Родители Алана, мистер и миссис Мейл, а по-нашему Кэтлин и Дэниел, оказались фермерами из маленького городишки с длинным названием Маркет-Харборо, впрочем, если быть совсем точными, от этого самого городишки до их фермы было еще час езды. Причем ферма, как выяснила та же дотошная Марго, была какая-то хитрая, выращивали на ней голубей редкой породы, которых продавали по всему миру коллекционерам, а те, в свою очередь, тоже их то ли ели, то ли разводили, то ли дрессировали. Ирина руками развела: чем только люди не занимаются! Она ужасно нервничала, опасаясь заграничного высокомерия новых и, как выяснилось, небедных родственников. Ей казалось, что они должны очень переживать по поводу того, что их замечательный сын «женится на бедной девушке из дикой страны», и успокоилась только тогда, когда увидела, что они нервничают не меньше ее, если не больше.

Кэтлин и Дэниел, как выяснилось, нигде дальше Лондона не бывали и категорически противились попыткам сына вывезти их хотя бы на Лазурный Берег или в Женеву. Поэтому дорога из Маркет-Харборо до Лондона и перелет в Россию придавили их физически и морально. Они сидели рядышком на диване, сами как два нахохлившихся голубя, по-птичьи таращили глаза и крутили головами, стараясь уловить хоть что-нибудь из потока русско-английских слов. Время от времени Кэтлин брала мужа за руку, а он в ответ укладывал ее руку, как котенка, к себе на колено и успокаивающе поглаживал. По этому жесту Ирина все поняла про отношения и образ жизни мистера и миссис Мейл и остро им позавидовала. Дай бог и Юльке так же. Сама же она на осторожный вопрос Кэтлин о «мистере Литвиненко», заданный через сына, могла только пробормотать, что «он будет завтра на свадьбе».

– He’s very busy in his office[19], – вставила подвернувшаяся Юлька, а Ирина увидела, как старики понимающе переглянулись.

Они были пожилыми, лет под семьдесят, хотя Алану всего тридцать один. Поздний ребенок, единственный и, конечно же, безумно любимый. Если бы их драгоценный Алан женился и уехал навсегда в Россию, они бы, наверное, умерли от страха и беспокойства. Хотя, с другой стороны, живет же он в своей Женеве… «Это потому что их двое, – подумала Ирина. – А я вот одна остаюсь. И что? Да ничего, выживу. Лишь бы Юлька…»

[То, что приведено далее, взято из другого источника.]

lemma Hgrp_conj:
  assumes "group G" "M \<in> SL2" "a \<in> carrier G"
  shows "(psl_class M, a) \<otimes>\<^bsub>Hgrp G\<^esub> (psl_class N, n) \<otimes>\<^bsub>Hgrp G\<^esub> inv\<^bsub>Hgrp G\<^esub> (psl_class M, a) =
    (psl_class (M ** N ** adj2 M), a \<otimes>\<^bsub>G\<^esub> n \<otimes>\<^bsub>G\<^esub> inv\<^bsub>G\<^esub> a)"
  using assms by (simp add: Hgrp_inv Hgrp_mult psl_class_mult)

lemma topspace_Htop: "topological_group G T \<Longrightarrow> topspace (Htop T) = carrier (Hgrp G)"
  by (simp add: Htop_def topspace_PSL2_top carrier_Hgrp topological_group_def)

lemma continuous_map_Htop_left_mult:
  assumes tg: "topological_group G T" and c: "c \<in> carrier (Hgrp G)"
  shows "continuous_map (Htop T) (Htop T) (\<lambda>h. c \<otimes>\<^bsub>Hgrp G\<^esub> h)"
proof -
  obtain p a where pa: "c = (p, a)" "p \<in> carrier PSL2" "a \<in> carrier G"
    using c by (auto simp: carrier_Hgrp)
  have "continuous_map T T (\<lambda>x. a \<otimes>\<^bsub>G\<^esub> x)"
    using continuous_map_topological_group_mult[OF tg, of T "\<lambda>x. a" "\<lambda>x. x"] pa(3) tg
    by (simp add: topological_group_def continuous_map_id[unfolded id_def])
  then have "continuous_map (Htop T) (Htop T) (\<lambda>(q, x). (p \<otimes>\<^bsub>PSL2\<^esub> q, a \<otimes>\<^bsub>G\<^esub> x))"
    unfolding Htop_def continuous_map_prod_top
    using continuous_map_PSL2_top_left_mult[OF pa(2)] by blast
  moreover have "(\<lambda>h. c \<otimes>\<^bsub>Hgrp G\<^esub> h) = (\<lambda>(q, x). (p \<otimes>\<^bsub>PSL2\<^esub> q, a \<otimes>\<^bsub>G\<^esub> x))"
    by (auto simp: pa(1) Hgrp_mult)
  ultimately show ?thesis
    by simp
qed

lemma openin_Xtop_image:
  assumes tg: "topological_group G T" and sg: "subgroup \<Gamma> (Hgrp G)" and W: "openin (Htop T) W"
  shows "openin (Xtop G T \<Gamma>) ((\<lambda>h. \<Gamma> #>\<^bsub>Hgrp G\<^esub> h) ` W)"
proof -
  interpret H: group "Hgrp G"
    using tg by (intro group_Hgrp) (simp add: topological_group_def)
  have topspace: "topspace (Htop T) = carrier (Hgrp G)"
    using tg by (rule topspace_Htop)
  have W_carrier: "W \<subseteq> carrier (Hgrp G)"
    using openin_subset[OF W] topspace by simp
  have \<Gamma>_carrier: "\<Gamma> \<subseteq> carrier (Hgrp G)"
    using sg by (rule subgroup.subset)
  have "{h \<in> topspace (Htop T). \<Gamma> #>\<^bsub>Hgrp G\<^esub> h \<in> (\<lambda>h. \<Gamma> #>\<^bsub>Hgrp G\<^esub> h) ` W} =
      (\<Union>\<gamma>\<in>\<Gamma>. {h \<in> topspace (Htop T). inv\<^bsub>Hgrp G\<^esub> \<gamma> \<otimes>\<^bsub>Hgrp G\<^esub> h \<in> W})"
  proof (intro Set.set_eqI iffI)
    fix h
    assume "h \<in> {h \<in> topspace (Htop T). \<Gamma> #>\<^bsub>Hgrp G\<^esub> h \<in> (\<lambda>h. \<Gamma> #>\<^bsub>Hgrp G\<^esub> h) ` W}"
    then obtain w where h: "h \<in> carrier (Hgrp G)" and w: "w \<in> W" "\<Gamma> #>\<^bsub>Hgrp G\<^esub> h = \<Gamma> #>\<^bsub>Hgrp G\<^esub> w"
      using topspace by auto
    then have "h \<in> \<Gamma> #>\<^bsub>Hgrp G\<^esub> w"
      using H.repr_independenceD[OF sg h] by simp
    then obtain \<gamma> where "\<gamma> \<in> \<Gamma>" "h = \<gamma> \<otimes>\<^bsub>Hgrp G\<^esub> w"
      unfolding r_coset_def by blast
    moreover have "inv\<^bsub>Hgrp G\<^esub> \<gamma> \<otimes>\<^bsub>Hgrp G\<^esub> (\<gamma> \<otimes>\<^bsub>Hgrp G\<^esub> w) = w"
      using \<open>\<gamma> \<in> \<Gamma>\<close> w(1) \<Gamma>_carrier W_carrier by (simp add: H.m_assoc[symmetric] subsetD)
    ultimately show "h \<in> (\<Union>\<gamma>\<in>\<Gamma>. {h \<in> topspace (Htop T). inv\<^bsub>Hgrp G\<^esub> \<gamma> \<otimes>\<^bsub>Hgrp G\<^esub> h \<in> W})"
      using h w(1) topspace by (intro UN_I[of \<gamma>]) auto
  next
    fix h
    assume "h \<in> (\<Union>\<gamma>\<in>\<Gamma>. {h \<in> topspace (Htop T). inv\<^bsub>Hgrp G\<^esub> \<gamma> \<otimes>\<^bsub>Hgrp G\<^esub> h \<in> W})"
    then obtain \<gamma> where \<gamma>: "\<gamma> \<in> \<Gamma>" and h: "h \<in> carrier (Hgrp G)"
      and w: "inv\<^bsub>Hgrp G\<^esub> \<gamma> \<otimes>\<^bsub>Hgrp G\<^esub> h \<in> W"
      using topspace by auto
    have "h = \<gamma> \<otimes>\<^bsub>Hgrp G\<^esub> (inv\<^bsub>Hgrp G\<^esub> \<gamma> \<otimes>\<^bsub>Hgrp G\<^esub> h)"
      using \<gamma> h \<Gamma>_carrier by (simp add: H.m_assoc[symmetric] subsetD)
    then have "h \<in> \<Gamma> #>\<^bsub>Hgrp G\<^esub> (inv\<^bsub>Hgrp G\<^esub> \<gamma> \<otimes>\<^bsub>Hgrp G\<^esub> h)"
      using \<gamma> unfolding r_coset_def by blast
    then have "\<Gamma> #>\<^bsub>Hgrp G\<^esub> h = \<Gamma> #>\<^bsub>Hgrp G\<^esub> (inv\<^bsub>Hgrp G\<^esub> \<gamma> \<otimes>\<^bsub>Hgrp G\<^esub> h)"
      using H.repr_independence[OF _ _ sg] w W_carrier by blast
    then show "h \<in> {h \<in> topspace (Htop T). \<Gamma> #>\<^bsub>Hgrp G\<^esub> h \<in> (\<lambda>h. \<Gamma> #>\<^bsub>Hgrp G\<^esub> h) ` W}"
      using h w topspace by auto
  qed
  moreover have "openin (Htop T) (\<Union>\<gamma>\<in>\<Gamma>. {h \<in> topspace (Htop T). inv\<^bsub>Hgrp G\<^esub> \<gamma> \<otimes>\<^bsub>Hgrp G\<^esub> h \<in> W})"
    using \<Gamma>_carrier
    by (intro openin_Union) (auto intro!: openin_continuous_map_preimage[OF _ W]
        continuous_map_Htop_left_mult[OF tg])
  ultimately show ?thesis
    using W_carrier topspace by (simp add: Xtop_def openin_quotient_topology image_mono)
qed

Наутро Ирина совершенно потерялась среди невообразимой суеты, которую устроили Юлькины подружки, начисто отодвинув ее в сторону. Она сидела на диване вместе с Кэтлин и Дэниелом и точно так же, как они, крутила головой, когда мимо нее пробегали девчонки, хватали какие-то вещи и опять убегали. Ей очень хотелось поговорить с новыми родственниками, узнать, что там и как, но при помощи жестов выяснишь немногое. «Буду учить английский», – приняла решение Ирина и даже повеселела. А вскоре пришли Марго с мужем, у Ирины появился переводчик, и настроение у всех троих сразу улучшилось.

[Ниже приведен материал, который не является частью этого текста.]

text \<open>A first return of \<open>f\<close> to \<open>[0, \<infinity>)\<close> would be a zero approached from below,
  where the derivative cannot be negative.\<close>
lemma neg_persists_if_zeros_cross_downwards:
  fixes f :: "real \<Rightarrow> real"
  assumes cont: "continuous_on {a..} f"
    and cross: "\<And>t. a \<le> t \<Longrightarrow> f t = 0 \<Longrightarrow> \<exists>D<0. (f has_real_derivative D) (at t within {a..})"
    and "f a \<le> 0" "a < b"
  shows "f b < 0"
proof -
  obtain c where c: "a \<le> c" "c < b" "f c < 0"
  proof (cases "f a = 0")
    case True
    then obtain D where "D < 0" "(f has_real_derivative D) (at a within {a..})"
      using cross by blast
    from has_real_derivative_neg_dec_right[OF this(2,1)]
    obtain d where "0 < d" and dec: "\<And>h. 0 < h \<Longrightarrow> h < d \<Longrightarrow> f (a + h) < f a"
      by auto
    define h where "h = min d (b - a) / 2"
    have "0 < h" "h < d" "a + h < b"
      using \<open>0 < d\<close> \<open>a < b\<close> by (auto simp: h_def min_def field_simps)
    with dec[of h] True show ?thesis
      by (intro that[of "a + h"]) auto
  next
    case False
    with \<open>f a \<le> 0\<close> show ?thesis
      by (intro that[of a]) (use \<open>a < b\<close> in auto)
  qed
  show "f b < 0"
  proof (rule ccontr)
    assume "\<not> f b < 0"
    have cont_cb: "continuous_on {c..b} f"
      by (rule continuous_on_subset[OF cont]) (use c in auto)
    obtain s where s: "c \<le> s" "s \<le> b" "- f s \<le> 0"
      and before: "\<And>u. c \<le> u \<Longrightarrow> u < s \<Longrightarrow> 0 < - f u"
      by (rule first_nonpos_point[of c b "\<lambda>u. - f u"])
        (use cont_cb \<open>\<not> f b < 0\<close> c in \<open>auto intro: continuous_on_minus\<close>)
    have "c \<noteq> s" using s \<open>f c < 0\<close> by auto
    with s have "c < s" by simp
    have "f s = 0"
    proof -
      have "continuous_on {c..s} f"
        by (rule continuous_on_subset[OF cont_cb]) (use s in auto)
      then obtain u where "c \<le> u" "u \<le> s" "f u = 0"
        using IVT'[of f c 0 s] s \<open>f c < 0\<close> by auto
      with before[of u] have "u = s" by fastforce
      with \<open>f u = 0\<close> show ?thesis by simp
    qed
    then obtain D where "D < 0" "(f has_real_derivative D) (at s within {a..})"
      using cross[of s] s c by auto
    from has_real_derivative_neg_dec_left[OF this(2,1)]
    obtain d where "0 < d" and dec: "\<And>h. 0 < h \<Longrightarrow> s - h \<in> {a..} \<Longrightarrow> h < d \<Longrightarrow> f s < f (s - h)"
      by auto
    define h where "h = min d (s - c) / 2"
    have "0 < h" "h < d" "c \<le> s - h" "s - h < s"
      using \<open>0 < d\<close> \<open>c < s\<close> by (auto simp: h_def min_def field_simps)
    with dec[of h] before[of "s - h"] \<open>f s = 0\<close> \<open>a \<le> c\<close> show False
      by auto
  qed
qed

lemma pos_if_DERIV_within_mult_self:
  fixes y h :: "real \<Rightarrow> real"
  assumes deriv: "\<And>t. a \<le> t \<Longrightarrow> (y has_real_derivative h t * y t) (at t within {a..})"
    and h_lower: "\<And>t. a \<le> t \<Longrightarrow> - c \<le> h t" and "0 < y a" "a \<le> t"
  shows "0 < y t"
proof (rule ccontr)
  assume "\<not> 0 < y t"
  have "continuous_on {a..t} y"
    using DERIV_continuous_on[of "{a..}" y] deriv by (force intro: continuous_on_subset)
  moreover have "y t \<le> 0" using \<open>\<not> 0 < y t\<close> by simp
  ultimately obtain s where s: "a \<le> s" "y s \<le> 0" and before: "\<And>u. a \<le> u \<Longrightarrow> u < s \<Longrightarrow> 0 < y u"
    using first_nonpos_point \<open>a \<le> t\<close> by blast
  define z where "z u = y u * exp (c * u)" for u
  \<comment> \<open>\<open>z' = (h + c) z \<ge> 0\<close> as long as \<open>y > 0\<close>.\<close>
  have "z a \<le> z s"
  proof (rule DERIV_within_atLeast_nonneg_imp_le[of a z])
    fix u assume "a \<le> u"
    have "((\<lambda>u. exp (c * u)) has_real_derivative exp (c * u) * c) (at u within {a..})"
      by (auto intro!: derivative_eq_intros)
    from DERIV_mult[OF deriv[OF \<open>a \<le> u\<close>] this]
    show "(z has_real_derivative (h u + c) * y u * exp (c * u)) (at u within {a..})"
      unfolding z_def by (rule DERIV_cong) (simp add: algebra_simps)
  next
    fix u assume "a < u" "u < s"
    then show "0 \<le> (h u + c) * y u * exp (c * u)"
      using h_lower[of u] before[of u] by simp
  qed (use s in auto)
  moreover have "0 < z a" "z s \<le> 0"
    using \<open>0 < y a\<close> s by (auto simp: z_def mult_nonpos_nonneg)
  ultimately show False by simp
qed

Девчонки, несмотря на протесты Юльки, заставили Алана выкупать невесту и проделывать кучу всяческих веселых глупостей, в которых поневоле обязан участвовать жених. Алан, которому все наперебой переводили, вдумчиво вникал в суть задания и бросался на штурм каждого препятствия серьезно и азартно. Ирине он нравился все больше и больше, подружки хохотали и аплодировали, мистер и миссис Мейл смотрели на всю эту этнографическую возню круглыми глазами (Юлькин однокурсник, приставленный к ним переводчиком, видимо, в нормальности происходящего англичан так и не убедил). «Наверное, у меня были бы такие же дикие глаза, если бы моя дочь вышла за мужика из Таиланда, – усмехнулась Ирина. – Мы для них – тот же Таиланд».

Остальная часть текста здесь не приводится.